Stratton, 770 F.3d at 447. The court reasoned that a party's right to collect statutory interest is forever extinguished once it agrees to collect an interest rate specified by the terms of its contract. Thus, if a creditor has waived its right to collect interest at the contractually agreed upon rate, its assignee can never resurrect the right to collect interest at the statutory rate.

Furthermore, the federal circuit court concluded that an attempt to collect statutory interest under these circumstances could, in fact, constitute a violation of the FDCPA as amounting to an unfair or deceptive practice. While we agree with Unifund that not every violation of state law can be converted to a federal claim under the provisions of the FDCPA, we are persuaded by the federal circuit court's conclusion that a false representation included in the allegations of a debt collector's complaint can be actionable. Where Unifund alleged that Harrell owed interest that had been waived under principles of contract law and statutory construction, we conclude that it is not entitled to a summary dismissal of her claim that it violated provisions of the FDCPA.

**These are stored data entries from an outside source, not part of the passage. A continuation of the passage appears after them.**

lemma add_submonoid_extend:
  fixes S :: "'a::{field,finite} set"
  assumes S: "add_submonoid S" and x: "x \<notin> S"
  defines "S' \<equiv> (\<lambda>(s, j). s + of_nat j * x) ` (S \<times> {..<CHAR('a)})"
  shows "add_submonoid S'" and "card S' = CHAR('a) * card S"
proof -
  let ?p = "CHAR('a)"
  show "add_submonoid S'"
    unfolding add_submonoid_def
  proof safe
    show "0 \<in> S'"
      unfolding S'_def using S CHAR_ge_2_finite_field[where 'a='a]
      by (intro image_eqI[of _ _ "(0, 0)"]) (auto simp: add_submonoid_def)
  next
    fix a b assume "a \<in> S'" "b \<in> S'"
    then obtain s j s' j' where a: "a = s + of_nat j * x" "s \<in> S"
      and b: "b = s' + of_nat j' * x" "s' \<in> S"
      unfolding S'_def by auto
    have "a + b = (s + s') + of_nat ((j + j') mod ?p) * x"
      unfolding a b of_nat_mod_CHAR by (simp add: algebra_simps)
    moreover have "s + s' \<in> S"
      using S a b by (auto simp: add_submonoid_def)
    ultimately show "a + b \<in> S'"
      unfolding S'_def using CHAR_ge_2_finite_field[where 'a='a] by force
  qed
  have no_collision: False
    if s: "s \<in> S" "s' \<in> S" and j: "j < j'" "j' < ?p"
      and eq: "s + of_nat j * x = s' + of_nat j' * x" for s s' j j'
  proof -
    have "0 < j' - j" "j' - j < ?p"
      using j by auto
    then obtain e where e: "(of_nat (j' - j) :: 'a) * of_nat e = 1"
      by (rule finite_field_of_nat_invertible)
    have "of_nat (j' - j) * x = s - s'"
      using j eq by (simp add: of_nat_diff algebra_simps)
    then have "of_nat e * (of_nat (j' - j) * x) \<in> S"
      using add_submonoid_diff[OF S s] add_submonoid_of_nat_mult[OF S] by simp
    then show False
      using x e by (simp add: mult.assoc[symmetric] mult.commute[of "of_nat e"])
  qed
  have "inj_on (\<lambda>(s, j). s + of_nat j * x) (S \<times> {..<?p})"
  proof (rule inj_onI, clarify)
    fix s j s' j'
    assume "s \<in> S" "j < ?p" "s' \<in> S" "j' < ?p" "s + of_nat j * x = s' + of_nat j' * x"
    then show "s = s' \<and> j = j'"
      using no_collision[of s s' j j'] no_collision[of s' s j' j] by (cases j j' rule: linorder_cases) auto
  qed
  then show "card S' = ?p * card S"
    unfolding S'_def by (simp add: card_image card_cartesian_product)
qed

lemma add_submonoid_index_CHAR_power:
  fixes S :: "'a::{field,finite} set"
  assumes "add_submonoid S"
  shows "\<exists>m. CARD('a) = card S * CHAR('a) ^ m"
  using assms
proof (induction "CARD('a) - card S" arbitrary: S rule: less_induct)
  case less
  show ?case
  proof (cases "S = UNIV")
    case True
    then show ?thesis by (intro exI[of _ 0]) simp
  next
    case False
    then obtain x where x: "x \<notin> S" by blast
    define S' where "S' = (\<lambda>(s, j). s + of_nat j * x) ` (S \<times> {..<CHAR('a)})"
    have S': "add_submonoid S'" "card S' = CHAR('a) * card S"
      using add_submonoid_extend[OF less.prems x] unfolding S'_def by auto
    have "card S > 0"
      using less.prems by (auto simp: add_submonoid_def card_gt_0_iff)
    then have "card S < card S'"
      using S'(2) CHAR_ge_2_finite_field[where 'a='a] by simp
    moreover have "card S' \<le> CARD('a)"
      by (simp add: card_mono)
    ultimately have "CARD('a) - card S' < CARD('a) - card S"
      by (simp add: diff_less_mono2)
    then obtain m where "CARD('a) = card S' * CHAR('a) ^ m"
      using less.hyps S'(1) by blast
    then show ?thesis
      using S'(2) by (intro exI[of _ "Suc m"]) (simp add: ac_simps)
  qed
qed

abbreviation finite_field_degree :: "'a::{field,finite} itself \<Rightarrow> nat" where
  "finite_field_degree T \<equiv> multiplicity CHAR('a) CARD('a)"

lemma finite_field_card_eq:
  "CARD('a::{field,finite}) = CHAR('a) ^ finite_field_degree TYPE('a)"
proof -
  obtain m where "CARD('a) = CHAR('a) ^ m"
    using add_submonoid_index_CHAR_power[of "{0::'a}"] by (auto simp: add_submonoid_def)
  then show ?thesis
    using CHAR_prime_finite_field[where 'a='a] by simp
qed

lemma finite_field_degree_pos: "finite_field_degree TYPE('a::{field,finite}) > 0"
proof (rule ccontr)
  assume "\<not> ?thesis"
  then have "CARD('a) = 1"
    using finite_field_card_eq[where 'a='a] by simp
  moreover have "card {0::'a, 1} \<le> CARD('a)"
    by (rule card_mono) auto
  ultimately show False by simp
qed

section \<open>The absolute trace\<close>

lemma finite_field_power_card_power:
  "(x::'a::{field,finite}) ^ (CHAR('a) ^ finite_field_degree TYPE('a)) = x"
  using finite_field_power_card[of x] finite_field_card_eq[where 'a='a] by simp

lemma frobenius_power_diff:
  "((x::'a::{field,finite}) - y) ^ (CHAR('a) ^ i) = x ^ (CHAR('a) ^ i) - y ^ (CHAR('a) ^ i)"
  using freshmans_dream'[OF CHAR_prime_finite_field refl, where x = "x - y" and y = y and n = i]
  by (simp add: eq_diff_eq)

lemma of_nat_power_CHAR: "(of_nat k :: 'a::{field,finite}) ^ CHAR('a) = of_nat k"
proof (induction k)
  case (Suc k)
  have "(1 + of_nat k :: 'a) ^ CHAR('a) = 1 ^ CHAR('a) + of_nat k ^ CHAR('a)"
    by (rule freshmans_dream) (simp_all add: CHAR_prime_finite_field)
  then show ?case
    using Suc by simp
qed (use CHAR_ge_2_finite_field[where 'a='a] in simp)

lemma inj_on_of_nat_CHAR: "inj_on (of_nat :: nat \<Rightarrow> 'a::semiring_1_cancel) {..<CHAR('a)}"
  by (rule inj_onI) (auto simp: of_nat_eq_iff_cong_CHAR intro: cong_less_modulus_unique_nat)

text \<open>The \<open>p\<close> elements of the prime field already exhaust the at most \<open>p\<close> roots of \<open>X\<^sup>p - X\<close>.\<close>

lemma power_CHAR_eq_self_imp_of_nat:
  fixes y :: "'a::{field,finite}"
  assumes "y ^ CHAR('a) = y"
  shows "\<exists>k<CHAR('a). y = of_nat k"
proof -
  let ?p = "CHAR('a)"
  define P where "P = monom (1::'a) ?p - monom 1 1"
  have p2: "?p \<ge> 2"
    by (rule CHAR_ge_2_finite_field)
  then have "coeff P ?p = 1"
    by (simp add: P_def)
  then have "P \<noteq> 0"
    by auto
  moreover have "degree P \<le> ?p"
    unfolding P_def using p2 by (intro degree_le) auto
  moreover have roots: "{y. poly P y = 0} = {y. y ^ ?p = y}"
    by (simp add: P_def poly_monom)
  ultimately have card_roots: "card {y::'a. y ^ ?p = y} \<le> ?p"
    using card_poly_roots_bound[of P] by simp
  have sub: "of_nat ` {..<?p} \<subseteq> {y::'a. y ^ ?p = y}"
    using of_nat_power_CHAR by auto
  have "card (of_nat ` {..<?p} :: 'a set) = ?p"
    using card_image[OF inj_on_of_nat_CHAR] by simp
  then have "of_nat ` {..<?p} = {y::'a. y ^ ?p = y}"
    using card_subset_eq[OF _ sub] card_roots card_mono[OF _ sub] by simp
  then show ?thesis
    using assms by auto
qed

lemma abs_trace_diff: "abs_trace ((x::'a::{field,finite}) - y) = abs_trace x - abs_trace y"
  unfolding abs_trace_def by (simp add: frobenius_power_diff sum_subtractf)

lemma abs_trace_power_CHAR: "abs_trace (x::'a::{field,finite}) ^ CHAR('a) = abs_trace x"
proof -
  let ?n = "finite_field_degree TYPE('a)" and ?p = "CHAR('a)"
  define f where "f i = x ^ (?p ^ i)" for i
  have "abs_trace x ^ ?p = (\<Sum>i<?n. f i ^ ?p)"
    unfolding abs_trace_def f_def by (rule freshmans_dream_sum) (simp_all add: CHAR_prime_finite_field)
  also have "\<dots> = (\<Sum>i<?n. f (Suc i))"
    by (simp add: f_def power_mult[symmetric] mult.commute)
  also have "\<dots> = (\<Sum>i<?n. f i)"
    using sum.lessThan_Suc_shift[of f ?n] sum.lessThan_Suc[of f ?n] finite_field_power_card_power[of x]
    by (simp add: f_def)
  finally show ?thesis
    by (simp add: abs_trace_def f_def)
qed

lemma tr_nat_spec:
  fixes x :: "'a::{field,finite}"
  shows "tr_nat x < CHAR('a) \<and> of_nat (tr_nat x) = abs_trace x"
proof -
  obtain k where "k < CHAR('a)" "abs_trace x = of_nat k"
    using power_CHAR_eq_self_imp_of_nat[OF abs_trace_power_CHAR] by blast
  then have "\<exists>!k. k < CHAR('a) \<and> (of_nat k :: 'a) = abs_trace x"
    using inj_on_of_nat_CHAR[where 'a='a] by (auto simp: inj_on_def)
  then show ?thesis
    unfolding tr_nat_def by (rule theI')
qed

lemmas tr_nat_less_CHAR = tr_nat_spec[THEN conjunct1]

lemma tr_nat_eq_0_iff: "tr_nat (x::'a::{field,finite}) = 0 \<longleftrightarrow> abs_trace x = 0"
  using tr_nat_spec[of x] inj_on_of_nat_CHAR[where 'a='a] CHAR_ge_2_finite_field[where 'a='a]
  by (auto simp: inj_on_def simp del: of_nat_eq_0_iff_char_dvd)

lemma tr_nat_0: "tr_nat (0::'a::{field,finite}) = 0"
  using abs_trace_diff[of "0::'a" 0] by (simp add: tr_nat_eq_0_iff)

section \<open>Nondegenerate exponents\<close>

lemma poly_eq_0_if_vanishes_on_finite_field:
  fixes P :: "'a::{field,finite} poly"
  assumes "degree P < CARD('a)" and "\<And>x. poly P x = 0"
  shows "P = 0"
proof (rule ccontr)
  assume "P \<noteq> 0"
  then have "card {x. poly P x = 0} \<le> degree P"
    by (rule card_poly_roots_bound)
  then show False
    using assms by simp
qed

lemma card_ge_3_if_nondegenerate:
  assumes "\<not> degenerate TYPE('a::{field,finite}) s"
  shows "CARD('a) \<ge> 3"
proof -
  have "CARD('a) \<noteq> 2"
  proof
    assume "CARD('a) = 2"
    then have "[s = CHAR('a) ^ 0] (mod (CARD('a) - 1))"
      by (simp add: cong_def)
    then show False
      using assms unfolding degenerate_def by blast
  qed
  moreover have "card {0::'a, 1} \<le> CARD('a)"
    by (rule card_mono) auto
  ultimately show ?thesis
    by simp
qed

lemma CHAR_power_less_card_minus_one:
  assumes "CARD('a::{field,finite}) \<ge> 3" and "i < finite_field_degree TYPE('a)"
  shows "CHAR('a) ^ i < CARD('a) - 1"
proof -
  let ?p = "CHAR('a)" and ?n = "finite_field_degree TYPE('a)"
  have "?p ^ i * 2 \<le> ?p ^ (?n - 1) * ?p"
    using assms(2) CHAR_ge_2_finite_field[where 'a='a] by (intro mult_mono power_increasing) auto
  also have "\<dots> = CARD('a)"
    using assms(2) finite_field_card_eq[where 'a='a] by (simp flip: power_Suc2)
  finally show ?thesis
    using assms(1) by linarith
qed

definition reduce_exponent :: "nat \<Rightarrow> nat \<Rightarrow> nat" where
  "reduce_exponent N m = (m - 1) mod N + 1"

lemma finite_field_power_reduce_exponent:
  fixes x :: "'a::{field,finite}"
  assumes "m \<ge> 1"
  shows "x ^ m = x ^ reduce_exponent (CARD('a) - 1) m"
proof (cases "x = 0")
  case False
  let ?N = "CARD('a) - 1"
  have "m = reduce_exponent ?N m + ?N * ((m - 1) div ?N)"
    using assms by (simp add: reduce_exponent_def)
  then have "x ^ m = x ^ reduce_exponent ?N m * (x ^ ?N) ^ ((m - 1) div ?N)"
    by (metis power_add power_mult)
  then show ?thesis
    using finite_field_power_card_minus_one[OF False] by simp
qed (use assms in \<open>simp add: reduce_exponent_def\<close>)

lemma reduce_exponent_eq_iff:
  assumes "a \<ge> 1" "b \<ge> 1"
  shows "reduce_exponent N a = reduce_exponent N b \<longleftrightarrow> [a = b] (mod N)"
proof -
  have "[a = b] (mod N) \<longleftrightarrow> [(a - 1) + 1 = (b - 1) + 1] (mod N)"
    using assms by simp
  also have "\<dots> \<longleftrightarrow> [a - 1 = b - 1] (mod N)"
    by (rule cong_add_rcancel_nat)
  finally show ?thesis
    by (simp add: reduce_exponent_def cong_def)
qed

lemma reduce_exponent_le: "N > 0 \<Longrightarrow> reduce_exponent N m \<le> N"
  by (simp add: reduce_exponent_def Suc_leI)

lemma reduce_exponent_eq_self: "1 \<le> m \<Longrightarrow> m \<le> N \<Longrightarrow> reduce_exponent N m = m"
  by (simp add: reduce_exponent_def)

definition trace_poly :: "nat \<Rightarrow> 'a::{field,finite} \<Rightarrow> 'a poly" where
  "trace_poly s u =
     (\<Sum>i<finite_field_degree TYPE('a). monom 1 (reduce_exponent (CARD('a) - 1) (s * CHAR('a) ^ i)))
     - (\<Sum>i<finite_field_degree TYPE('a). monom (u ^ (CHAR('a) ^ i)) (CHAR('a) ^ i))"

lemma poly_trace_poly:
  fixes u :: "'a::{field,finite}"
  assumes "s > 0"
  shows "poly (trace_poly s u) x = abs_trace (x ^ s - u * x)"
proof -
  have pos: "s * CHAR('a) ^ i \<ge> 1" for i
    using assms CHAR_ge_2_finite_field[where 'a='a] by (simp add: Suc_le_eq)
  have "x ^ reduce_exponent (CARD('a) - 1) (s * CHAR('a) ^ i) = (x ^ s) ^ (CHAR('a) ^ i)" for i
    using finite_field_power_reduce_exponent[OF pos[of i], of x] by (simp add: power_mult)
  then have "poly (trace_poly s u) x = abs_trace (x ^ s) - abs_trace (u * x)"
    by (simp add: trace_poly_def abs_trace_def poly_sum poly_monom power_mult_distrib)
  then show ?thesis
    by (simp add: abs_trace_diff)
qed

lemma degree_trace_poly_less:
  assumes "CARD('a::{field,finite}) \<ge> 3"
  shows "degree (trace_poly s (u::'a)) < CARD('a)"
proof -
  have "reduce_exponent (CARD('a) - 1) m \<le> CARD('a) - 1" for m
    using assms by (intro reduce_exponent_le) simp
  then have "degree (trace_poly s u) \<le> CARD('a) - 1"
    unfolding trace_poly_def using CHAR_power_less_card_minus_one[OF assms]
    by (intro degree_diff_le degree_sum_le) (auto intro: order.trans[OF degree_monom_le] less_imp_le)
  then show ?thesis
    using assms by simp
qed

We are mindful of Embs v. Pepsi-Cola Bottling Company of Lexington, Kentucky, Inc., 528 S.W.2d 703 (Ky.1975), which holds that a state court is not bound by the holding of a federal court that construes state law in the course of a diversity action. However, we are persuaded that the sound reasoning of the Stratton court does not supplant but properly comports with the statutory language of KRS 360.010(1). Nothing in Kentucky's statute — by specific language, implication, or innuendo — contravenes the purpose and spirit of the Fair Debt Collection Practices Act.

We vacate the Nelson Circuit Court's order dismissing. This matter is remanded for further proceedings.

CAPERTON, JUDGE, CONCURS.

VANMETER, JUDGE, DISSENTS.

FootNotes


1. Judge Caperton concurred in this opinion prior to Judge Debra Lambert being sworn in on January 5, 2015, as Judge of Division 1, Third Appellate District. Release of this opinion was delayed by administrative handling.